### Assigned task:
Below are the entries; tally the lines holding the string "points" and give only that figure.

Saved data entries
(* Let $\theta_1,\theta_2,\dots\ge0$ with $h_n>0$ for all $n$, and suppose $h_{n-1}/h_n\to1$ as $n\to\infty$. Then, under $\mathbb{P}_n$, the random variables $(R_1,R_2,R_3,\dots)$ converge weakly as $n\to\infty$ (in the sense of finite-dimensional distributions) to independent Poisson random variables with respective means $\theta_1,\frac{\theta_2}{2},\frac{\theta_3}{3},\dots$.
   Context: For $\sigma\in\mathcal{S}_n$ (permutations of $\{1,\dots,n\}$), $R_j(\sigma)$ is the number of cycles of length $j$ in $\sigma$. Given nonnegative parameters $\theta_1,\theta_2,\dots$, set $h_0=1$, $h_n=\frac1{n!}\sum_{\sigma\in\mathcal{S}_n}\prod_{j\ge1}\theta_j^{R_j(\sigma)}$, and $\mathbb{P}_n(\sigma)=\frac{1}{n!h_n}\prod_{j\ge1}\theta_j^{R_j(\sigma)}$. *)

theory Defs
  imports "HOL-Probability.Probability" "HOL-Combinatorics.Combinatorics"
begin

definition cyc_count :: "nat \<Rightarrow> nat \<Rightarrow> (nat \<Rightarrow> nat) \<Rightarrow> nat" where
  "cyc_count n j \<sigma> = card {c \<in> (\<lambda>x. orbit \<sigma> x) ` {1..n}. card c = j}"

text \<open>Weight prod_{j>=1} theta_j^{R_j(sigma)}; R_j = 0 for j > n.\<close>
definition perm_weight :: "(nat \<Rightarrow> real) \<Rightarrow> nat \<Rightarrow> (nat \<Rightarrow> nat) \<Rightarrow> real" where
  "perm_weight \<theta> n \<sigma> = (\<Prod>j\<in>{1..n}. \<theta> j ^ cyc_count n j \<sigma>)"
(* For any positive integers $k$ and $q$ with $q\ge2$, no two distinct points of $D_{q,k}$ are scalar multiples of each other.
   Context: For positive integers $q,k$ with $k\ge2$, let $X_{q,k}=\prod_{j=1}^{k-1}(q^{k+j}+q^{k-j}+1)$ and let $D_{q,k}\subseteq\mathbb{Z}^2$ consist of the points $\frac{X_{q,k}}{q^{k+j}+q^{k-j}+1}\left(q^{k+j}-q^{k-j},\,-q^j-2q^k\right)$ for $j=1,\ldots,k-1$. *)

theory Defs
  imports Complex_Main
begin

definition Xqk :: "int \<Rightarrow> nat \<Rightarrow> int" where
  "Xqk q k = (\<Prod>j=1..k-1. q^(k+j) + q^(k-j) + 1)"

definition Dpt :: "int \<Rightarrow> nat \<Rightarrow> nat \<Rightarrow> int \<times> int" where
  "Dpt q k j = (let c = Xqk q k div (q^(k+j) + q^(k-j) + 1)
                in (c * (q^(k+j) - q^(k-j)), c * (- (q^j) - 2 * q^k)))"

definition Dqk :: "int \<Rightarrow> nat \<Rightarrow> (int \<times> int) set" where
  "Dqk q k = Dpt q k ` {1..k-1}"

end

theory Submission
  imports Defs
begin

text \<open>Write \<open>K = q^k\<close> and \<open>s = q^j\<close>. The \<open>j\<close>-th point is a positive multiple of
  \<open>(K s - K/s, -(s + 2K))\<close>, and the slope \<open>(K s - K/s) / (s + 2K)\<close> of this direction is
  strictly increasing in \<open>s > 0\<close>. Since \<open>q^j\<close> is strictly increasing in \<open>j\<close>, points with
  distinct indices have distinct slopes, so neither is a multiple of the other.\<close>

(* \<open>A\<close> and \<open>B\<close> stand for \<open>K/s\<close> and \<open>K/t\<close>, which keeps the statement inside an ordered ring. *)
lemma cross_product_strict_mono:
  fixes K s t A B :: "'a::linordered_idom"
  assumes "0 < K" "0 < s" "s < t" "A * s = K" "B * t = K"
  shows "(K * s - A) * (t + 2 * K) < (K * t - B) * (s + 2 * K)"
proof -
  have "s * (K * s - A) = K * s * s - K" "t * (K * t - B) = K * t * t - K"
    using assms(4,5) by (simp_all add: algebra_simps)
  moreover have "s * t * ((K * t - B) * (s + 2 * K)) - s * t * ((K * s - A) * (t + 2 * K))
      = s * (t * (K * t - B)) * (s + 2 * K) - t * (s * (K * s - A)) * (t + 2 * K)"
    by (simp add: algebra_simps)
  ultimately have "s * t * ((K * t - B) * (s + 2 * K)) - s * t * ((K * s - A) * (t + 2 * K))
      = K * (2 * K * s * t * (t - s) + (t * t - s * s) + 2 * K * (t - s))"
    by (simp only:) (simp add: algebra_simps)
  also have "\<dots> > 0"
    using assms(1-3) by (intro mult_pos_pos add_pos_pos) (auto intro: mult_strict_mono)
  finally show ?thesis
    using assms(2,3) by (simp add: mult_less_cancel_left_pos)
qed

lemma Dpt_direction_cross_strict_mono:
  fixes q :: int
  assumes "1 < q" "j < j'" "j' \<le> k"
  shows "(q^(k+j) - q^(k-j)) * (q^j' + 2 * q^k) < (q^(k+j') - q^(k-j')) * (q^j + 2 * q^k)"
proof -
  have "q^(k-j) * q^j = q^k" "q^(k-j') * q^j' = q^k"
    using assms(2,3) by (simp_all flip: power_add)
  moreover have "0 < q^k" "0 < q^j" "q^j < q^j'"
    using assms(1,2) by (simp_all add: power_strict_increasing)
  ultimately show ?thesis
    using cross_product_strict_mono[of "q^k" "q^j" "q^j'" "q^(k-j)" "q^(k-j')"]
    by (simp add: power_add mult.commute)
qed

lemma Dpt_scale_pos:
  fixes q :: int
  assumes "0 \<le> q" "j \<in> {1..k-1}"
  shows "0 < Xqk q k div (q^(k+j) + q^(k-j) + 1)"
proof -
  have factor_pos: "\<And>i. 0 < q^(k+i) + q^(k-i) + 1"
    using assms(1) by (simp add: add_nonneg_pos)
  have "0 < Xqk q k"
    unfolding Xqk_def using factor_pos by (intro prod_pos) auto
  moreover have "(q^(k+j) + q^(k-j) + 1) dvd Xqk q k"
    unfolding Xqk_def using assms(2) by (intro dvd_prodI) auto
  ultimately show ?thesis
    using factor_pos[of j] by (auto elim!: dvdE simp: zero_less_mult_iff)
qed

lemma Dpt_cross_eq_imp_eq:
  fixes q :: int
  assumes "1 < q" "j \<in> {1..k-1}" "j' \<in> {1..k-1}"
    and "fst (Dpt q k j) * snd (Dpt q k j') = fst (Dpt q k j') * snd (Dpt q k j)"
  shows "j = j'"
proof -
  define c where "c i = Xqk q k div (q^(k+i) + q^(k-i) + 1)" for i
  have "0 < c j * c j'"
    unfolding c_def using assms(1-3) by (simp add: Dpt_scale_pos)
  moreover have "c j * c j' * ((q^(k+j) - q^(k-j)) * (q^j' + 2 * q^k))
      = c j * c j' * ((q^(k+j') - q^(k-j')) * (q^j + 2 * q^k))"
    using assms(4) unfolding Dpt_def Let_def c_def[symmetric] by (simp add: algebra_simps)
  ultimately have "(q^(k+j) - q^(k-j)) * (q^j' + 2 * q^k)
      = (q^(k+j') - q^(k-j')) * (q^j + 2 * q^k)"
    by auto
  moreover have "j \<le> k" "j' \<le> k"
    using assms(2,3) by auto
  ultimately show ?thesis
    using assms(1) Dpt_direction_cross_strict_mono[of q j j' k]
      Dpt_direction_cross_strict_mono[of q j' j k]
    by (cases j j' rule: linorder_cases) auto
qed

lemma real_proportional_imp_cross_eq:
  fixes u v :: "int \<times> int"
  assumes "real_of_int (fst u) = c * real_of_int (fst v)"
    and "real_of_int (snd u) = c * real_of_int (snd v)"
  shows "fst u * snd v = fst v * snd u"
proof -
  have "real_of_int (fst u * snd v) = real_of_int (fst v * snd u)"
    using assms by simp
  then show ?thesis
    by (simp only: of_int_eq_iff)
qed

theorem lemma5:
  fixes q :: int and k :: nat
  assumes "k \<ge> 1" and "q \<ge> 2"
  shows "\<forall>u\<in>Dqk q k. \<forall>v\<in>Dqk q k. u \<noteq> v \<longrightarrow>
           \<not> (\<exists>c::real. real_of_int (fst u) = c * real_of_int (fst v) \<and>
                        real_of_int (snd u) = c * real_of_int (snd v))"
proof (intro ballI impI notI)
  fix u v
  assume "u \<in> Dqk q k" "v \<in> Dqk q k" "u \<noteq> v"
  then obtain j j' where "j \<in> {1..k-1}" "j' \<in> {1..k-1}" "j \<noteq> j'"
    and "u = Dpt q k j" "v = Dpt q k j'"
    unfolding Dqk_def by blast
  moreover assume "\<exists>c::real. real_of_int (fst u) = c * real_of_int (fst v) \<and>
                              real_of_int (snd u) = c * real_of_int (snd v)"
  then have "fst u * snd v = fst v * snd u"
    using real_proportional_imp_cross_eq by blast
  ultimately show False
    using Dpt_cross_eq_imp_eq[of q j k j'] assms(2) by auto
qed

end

### Task response:
3